«Хрусталь», большой успех белорусского кинопрома (Беларусь впервые за 22 года отправила фильм в оскаровский лонг-лист), но на деле маленькое кино. На родине был принят с неоднозначным ажиотажем, как какой-нибудь теткин подарок, присланный из-за границы: одними с большой радостью, другими «поворотив нос». Режиссер фильма Дарья Жук, – дебютантка в полном метре, получившая кинообразование в США и имеющая телевизионный опыт на американском HBO и российском ТНТ, – вернулась на родину, чтобы реализовать задуманный давно сценарий про молодую минчанку, мечтающую об эмиграции.

По сюжету это как бы два последовательных фильма в одном. Первый знакомит со столичной девушкой Велей, пост-стилягой или прото-хипстершей (на дворе 90-е), называй как хочешь. Для взрослых она бездельница, по ночам играющая хаус-мьюзик в унаследованных от Союза музеях. Днем же околачивает стены Американского консульства, т.к. мечтает уехать из страны, как признается позднее, потому что в Чикаго думают иначе. В добытой через единственного друга (того еще эксцентричного кадра) поддельной справке для визы закрадывается ошибка в телефонном номере. И тут начинается второй фильм: Веля отправляется в белорусскую глушь, чтобы найти тот самый телефон и ждать звонка, цена которому ее будущее. Хочешь не хочешь девушке приходится начать общаться с чуждыми ей людьми.

Фильм «Хрусталь» и его контрасты

«Хрусталь» – это еще одно звено в начатой в прошлом году цепи фильмов молодых постсоветских кинематографистов о 90-х, которое занимает свое место где-то между условно мейнстримным «Витькой Чесноком» Александра Ханта и условно артовой «Теснотой» Кантемира Балагова. Дарья Жук работает с контрастами, сталкивая столичные рейвы и деревенские застолья, яркую молодежную одежду и серую действительность, любимые героиней англицизмы и вызывающие внутреннее ёканье родные «чаво» и «шо». Другими словами – новое и закостенелое. Прием не то чтобы свежий и как-то удивляющий, но в фильме играющий не решающее значение: возможно в силу того, что мгновенно узнаваем и правдив антураж в этой снятой обманчиво по-провинциальному картине остается словно на периферии не столь широкого, почти квадратного кадра.

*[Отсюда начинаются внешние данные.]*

(* Let $I_{RPC}=(V,E,T_f,c,p)$ be an RPCSTP instance and let $t_p,t_q,t_{\tilde p},t_{\tilde q}\in T_f$ (not necessarily distinct). Writing $R(t_a,t_b)$ for the feasible region of the LP relaxation of $PrizeRCut(I_{RPC},t_a,t_b)$, we have $$\mathrm{proj}_y\big(R(t_p,t_q)\big)=\mathrm{proj}_y\big(R(t_{\tilde p},t_{\tilde q})\big).$$
   Context: A rooted prize-collecting Steiner tree (RPCSTP) instance $(V,E,T_f,c,p)$ consists of a finite undirected connected graph $(V,E)$, $c:E\to\mathbb{Q}_{>0}$, $p:V\to\mathbb{Q}_{\ge0}$ and a nonempty set $T_f\subseteq V$ of fixed terminals (which must be contained in every feasible solution). Let $T_p:=\{v:p(v)>0\}$ and $T_p\setminus T_f=\{t_1,\dots,t_z\}$. Transformation 2 (RPCSTP to SAP), for $t_a,t_b\in T_f$: set $V':=V$, $A':=\{(v,w),(w,v):\{v,w\}\in E\}$ with $c'((v,w)):=c(\{v,w\})$; for each $i=1,\dots,z$ add a new vertex $t_i'$, an arc $(t_i,t_i')$ of cost $0$ and an arc $(t_a,t_i')$ of cost $p(t_i)$. Terminal set $T':=\{t_1',\dots,t_z'\}\cup T_f$, root $t_b$. The LP relaxation of $PrizeRCut(I_{RPC},t_a,t_b)$ has variables $x\in\mathbb{R}^{A'}$, $y\in\mathbb{R}^{E}$ and constraints: $x(\delta^-(U))\ge1$ for all $U\subset V'$ with $t_b\notin U$, $U\cap T'\neq\emptyset$ (where $\delta^-(U)$ is the set of arcs of $A'$ entering $U$ and $x(F)=\sum_{a\in F}x(a)$); $0\le x\le 1$; $y(\{v_i,v_j\})=x((v_i,v_j))+x((v_j,v_i))$ for all $\{v_i,v_j\}\in E$; $0\le y\le1$; objective $\min c'^Tx$. $\mathrm{proj}_y$ denotes projection onto the $y$-variables. *)

theory Defs
  imports Complex_Main
begin

definition rpcstp_instance ::
  "'v set \<Rightarrow> 'v set set \<Rightarrow> 'v set \<Rightarrow> ('v set \<Rightarrow> rat) \<Rightarrow> ('v \<Rightarrow> rat) \<Rightarrow> bool" where
  "rpcstp_instance V E Tf c p \<longleftrightarrow>
     finite V \<and>
     E \<subseteq> {{v, w} | v w. v \<in> V \<and> w \<in> V \<and> v \<noteq> w} \<and>
     (\<forall>v\<in>V. \<forall>w\<in>V. (v, w) \<in> {(a, b). {a, b} \<in> E}\<^sup>*) \<and>
     (\<forall>e\<in>E. c e > 0) \<and>
     (\<forall>v\<in>V. p v \<ge> 0) \<and>
     Tf \<noteq> {} \<and> Tf \<subseteq> V"

definition prize_terminals :: "'v set \<Rightarrow> ('v \<Rightarrow> rat) \<Rightarrow> 'v set" where
  "prize_terminals V p = {v \<in> V. p v > 0}"

text \<open>Transformation 2: original vertices are Inl v, new vertices t_i' are Inr t_i.\<close>

definition sap_vertices :: "'v set \<Rightarrow> 'v set \<Rightarrow> ('v \<Rightarrow> rat) \<Rightarrow> ('v + 'v) set" where
  "sap_vertices V Tf p = Inl ` V \<union> Inr ` (prize_terminals V p - Tf)"

definition sap_arcs ::
  "'v set \<Rightarrow> 'v set set \<Rightarrow> 'v set \<Rightarrow> ('v \<Rightarrow> rat) \<Rightarrow> 'v \<Rightarrow> (('v + 'v) \<times> ('v + 'v)) set" where
  "sap_arcs V E Tf p ta =
     {(Inl v, Inl w) | v w. {v, w} \<in> E}
     \<union> {(Inl t, Inr t) | t. t \<in> prize_terminals V p - Tf}
     \<union> {(Inl ta, Inr t) | t. t \<in> prize_terminals V p - Tf}"

definition sap_cost ::
  "('v set \<Rightarrow> rat) \<Rightarrow> ('v \<Rightarrow> rat) \<Rightarrow> 'v \<Rightarrow> ('v + 'v) \<times> ('v + 'v) \<Rightarrow> rat" where
  "sap_cost c p ta a = (case a of
       (Inl v, Inl w) \<Rightarrow> c {v, w}
     | (Inl s, Inr t) \<Rightarrow> (if s = t then 0 else p t)
     | _ \<Rightarrow> 0)"

definition sap_terminals :: "'v set \<Rightarrow> 'v set \<Rightarrow> ('v \<Rightarrow> rat) \<Rightarrow> ('v + 'v) set" where
  "sap_terminals V Tf p = Inr ` (prize_terminals V p - Tf) \<union> Inl ` Tf"

definition delta_in :: "('a \<times> 'a) set \<Rightarrow> 'a set \<Rightarrow> ('a \<times> 'a) set" where
  "delta_in A U = {a \<in> A. fst a \<notin> U \<and> snd a \<in> U}"

text \<open>Feasible region of the LP relaxation of PrizeRCut(I, t_a, t_b); root is t_b.
  x lives on the arcs A' (zero outside), y on the edges E (zero outside).\<close>

definition prize_rcut_lp_region ::
  "'v set \<Rightarrow> 'v set set \<Rightarrow> 'v set \<Rightarrow> ('v \<Rightarrow> rat) \<Rightarrow> 'v \<Rightarrow> 'v
   \<Rightarrow> ((('v + 'v) \<times> ('v + 'v) \<Rightarrow> real) \<times> ('v set \<Rightarrow> real)) set" where
  "prize_rcut_lp_region V E Tf p ta tb =
     {(x, y).
        (\<forall>U. U \<subset> sap_vertices V Tf p \<and> Inl tb \<notin> U \<and> U \<inter> sap_terminals V Tf p \<noteq> {}
              \<longrightarrow> (\<Sum>a\<in>delta_in (sap_arcs V E Tf p ta) U. x a) \<ge> 1) \<and>
        (\<forall>a\<in>sap_arcs V E Tf p ta. 0 \<le> x a \<and> x a \<le> 1) \<and>
        (\<forall>a. a \<notin> sap_arcs V E Tf p ta \<longrightarrow> x a = 0) \<and>
        (\<forall>v w. {v, w} \<in> E \<longrightarrow> y {v, w} = x (Inl v, Inl w) + x (Inl w, Inl v)) \<and>
        (\<forall>e\<in>E. 0 \<le> y e \<and> y e \<le> 1) \<and>
        (\<forall>e. e \<notin> E \<longrightarrow> y e = 0)}"

definition proj_y :: "('a \<times> 'b) set \<Rightarrow> 'b set" where
  "proj_y R = snd ` R"

end

theory Submission
  imports Defs "HOL-Analysis.Analysis"
begin

text \<open>
  Let (x, y) be feasible for the roots t_a, t_b. The values of x on the arcs of the original
  graph form capacities z in which every set of vertices containing a fixed terminal but not t_b
  has in-capacity at least 1. To move the root to t_b', subtract from z a unit flow from t_b to
  t_b' below z (max-flow min-cut, in the one direction needed): the in-capacity of a set W not
  containing t_b' changes by [t_b \<in> W], and z(u,v) + z(v,u), hence y, is unchanged. Finally
  give every arc entering a new vertex t_i' the value 1; this pays for the cuts containing no
  fixed terminal, whichever t_a' is used.
\<close>

section \<open>Flows and cuts\<close>

definition skew_symmetric :: "('v \<times> 'v \<Rightarrow> real) \<Rightarrow> bool" where
  "skew_symmetric g \<longleftrightarrow> (\<forall>u v. g (u, v) = - g (v, u))"

definition inflow :: "'v set \<Rightarrow> ('v \<times> 'v \<Rightarrow> real) \<Rightarrow> 'v \<Rightarrow> real" where
  "inflow V g v = (\<Sum>u\<in>V. g (u, v))"

definition cut_in :: "'v set \<Rightarrow> ('v \<times> 'v \<Rightarrow> real) \<Rightarrow> 'v set \<Rightarrow> real" where
  "cut_in V x W = (\<Sum>u\<in>V - W. \<Sum>v\<in>W. x (u, v))"

text \<open>Flows are net flows: g (u, v) = - g (v, u), so a bound g \<le> x constrains both directions.\<close>

definition st_flow :: "'v set \<Rightarrow> ('v \<times> 'v \<Rightarrow> real) \<Rightarrow> 'v \<Rightarrow> 'v \<Rightarrow> real \<Rightarrow> bool" where
  "st_flow V g s t r \<longleftrightarrow> skew_symmetric g \<and>
     (\<forall>w\<in>V. inflow V g w = r * ((if w = t then 1 else 0) - (if w = s then 1 else 0)))"

lemma skew_symmetricD: "skew_symmetric g \<Longrightarrow> g (u, v) = - g (v, u)"
  unfolding skew_symmetric_def by blast

lemma skew_symmetric_sum_sum_eq_0:
  assumes "skew_symmetric g"
  shows "(\<Sum>u\<in>W. \<Sum>v\<in>W. g (u, v)) = 0"
proof -
  have "(\<Sum>u\<in>W. \<Sum>v\<in>W. g (u, v)) = (\<Sum>v\<in>W. \<Sum>u\<in>W. g (u, v))"
    by (rule sum.swap)
  also have "\<dots> = (\<Sum>v\<in>W. \<Sum>u\<in>W. - g (v, u))"
    by (intro sum.cong refl skew_symmetricD[OF assms])
  also have "\<dots> = - (\<Sum>v\<in>W. \<Sum>u\<in>W. g (v, u))"
    by (simp add: sum_negf)
  finally show ?thesis by simp
qed

lemma cut_in_eq_sum_inflow:
  assumes "finite V" "W \<subseteq> V" "skew_symmetric g"
  shows "cut_in V g W = (\<Sum>v\<in>W. inflow V g v)"
proof -
  have "(\<Sum>v\<in>W. inflow V g v) = (\<Sum>v\<in>W. (\<Sum>u\<in>V - W. g (u, v)) + (\<Sum>u\<in>W. g (u, v)))"
    unfolding inflow_def by (intro sum.cong refl sum.subset_diff[OF assms(2,1)])
  also have "\<dots> = (\<Sum>v\<in>W. \<Sum>u\<in>V - W. g (u, v)) + (\<Sum>v\<in>W. \<Sum>u\<in>W. g (u, v))"
    by (rule sum.distrib)
  also have "(\<Sum>v\<in>W. \<Sum>u\<in>W. g (u, v)) = (\<Sum>u\<in>W. \<Sum>v\<in>W. g (u, v))"
    by (rule sum.swap)
  also have "\<dots> = 0"
    by (rule skew_symmetric_sum_sum_eq_0[OF assms(3)])
  also have "(\<Sum>v\<in>W. \<Sum>u\<in>V - W. g (u, v)) = cut_in V g W"
    unfolding cut_in_def by (rule sum.swap)
  finally show ?thesis by simp
qed

lemma sum_inflow_eq_0:
  assumes "finite V" "skew_symmetric g"
  shows "(\<Sum>w\<in>V. inflow V g w) = 0"
  using cut_in_eq_sum_inflow[OF assms(1) order_refl assms(2)] by (simp add: cut_in_def)

lemma skew_symmetric_add:
  "skew_symmetric g \<Longrightarrow> skew_symmetric h \<Longrightarrow> skew_symmetric (\<lambda>q. g q + h q)"
  unfolding skew_symmetric_def by (metis minus_add_distrib)

lemma inflow_add: "inflow V (\<lambda>q. g q + h q) w = inflow V g w + inflow V h w"
  unfolding inflow_def by (rule sum.distrib)

lemma st_flow_trans:
  assumes g: "st_flow V g a c r" and h: "st_flow V h c b r"
  shows "st_flow V (\<lambda>q. g q + h q) a b r"
proof -
  have "inflow V g w + inflow V h w
      = r * ((if w = b then 1 else 0) - (if w = a then 1 else 0))" if "w \<in> V" for w
  proof -
    have "inflow V g w = r * ((if w = c then 1 else 0) - (if w = a then 1 else 0))"
      and "inflow V h w = r * ((if w = b then 1 else 0) - (if w = c then 1 else 0))"
      using g h that unfolding st_flow_def by auto
    then show ?thesis by (simp only: right_diff_distrib)
  qed
  then show ?thesis
    using g h unfolding st_flow_def by (simp add: skew_symmetric_add inflow_add)
qed

lemma st_flow_add:
  assumes "st_flow V g s t r" "st_flow V h s t r'"
  shows "st_flow V (\<lambda>q. g q + h q) s t (r + r')"
  using assms unfolding st_flow_def by (simp add: skew_symmetric_add inflow_add distrib_right)

lemma st_flow_cut_in:
  assumes "finite V" "W \<subseteq> V" "st_flow V g s t r"
  shows "cut_in V g W = r * ((if t \<in> W then 1 else 0) - (if s \<in> W then 1 else 0))"
proof -
  have "cut_in V g W = (\<Sum>w\<in>W. r * ((if w = t then 1 else 0) - (if w = s then 1 else 0)))"
    using assms cut_in_eq_sum_inflow[OF assms(1,2)] unfolding st_flow_def
    by (auto intro: sum.cong)
  also have "\<dots> = r * ((if t \<in> W then 1 else 0) - (if s \<in> W then 1 else 0))"
    using finite_subset[OF assms(2,1)]
    by (simp add: sum_distrib_left[symmetric] sum_subtractf)
  finally show ?thesis .
qed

В центре же у Дарьи Жук, и это очевидно главное достоинство картины, человек. Человек с его особенностями и недостатками, мечтами и глупыми юношескими позами, настойчивостью, упрямостью, но и в то же самое время все-таки с готовностью слушать и помогать другим. Да, упомянутые контрасты конфликтуют, но, как показывает «Хрусталь», диалог возможен. Возможно и понимание, как в показательной сцене с провинциальным милиционером, который в конце концов сокрушается на местных жителей: «как вы мне все дороги». Да и с другими обитателями поселка Хрустальный Веля пусть с трудом, но находит общий язык.  

Сознательно или нет, в угоду ли драматургии, но режиссёрша сгущает краски  ближе к финалу. Наметившееся понимание между героями ставится под сомнение, отчего зритель может запросто быть сбит с толку. В следующем за поворотной конфликтной сценой фильма монологе Веля декламирует, что «женское «нет» – это по-серьезному, а не то, что думают обычно мужчины». И это вовсе можно воспринять, как авторская дань американским спонсорам фильма, конечно, желающим видеть в социальной картине и актуальную проблематику вроде #metoo. Другое дело, что сценарий писался наверняка до разгара всего этого ажиотажа, но поди ж сейчас разбери, как все было на самом деле.

Фильм «Хрусталь» и его особенная надежда

И все же «Хрусталь» не оставляет в зрителе ощущение безысходности, а значит место надежде в нем все-таки находится. Образ главной героини зарифмовывается с подростком Костей, который в последнем акте картины превращается из эпизодического  персонажа в самый что ни на есть важный. Подобно Веле он тоже ведет свою борьбу с местными нравами (только не в столичных масштабах, а в провинциальных), сначала молчаливую, затем с кулаками и, в общем-то, несмотря на свой возраст понимает, что в таком доме ему не место.

В финале же на манер классического «Выпускника» Майка Николса два героя едут в автобусе на встречу будущему; в их лицах читается неопределенность, но в случае «Хрусталя», кажется, это не означает что-то плохое. Они возвращаются в Минск, за окнами автобуса виднеются транспаранты «чернобыльского шляха», определеннее обозначая эпоху. На дворе должно быть 1996-й, пик свободолюбивых настроений в стране. Дальше со свободой станет несколько сложнее. Как показывает история, кто-то все-таки уедет, кто-то останется, а кто-то уедет, но вернется; и все мы как-то будем жить.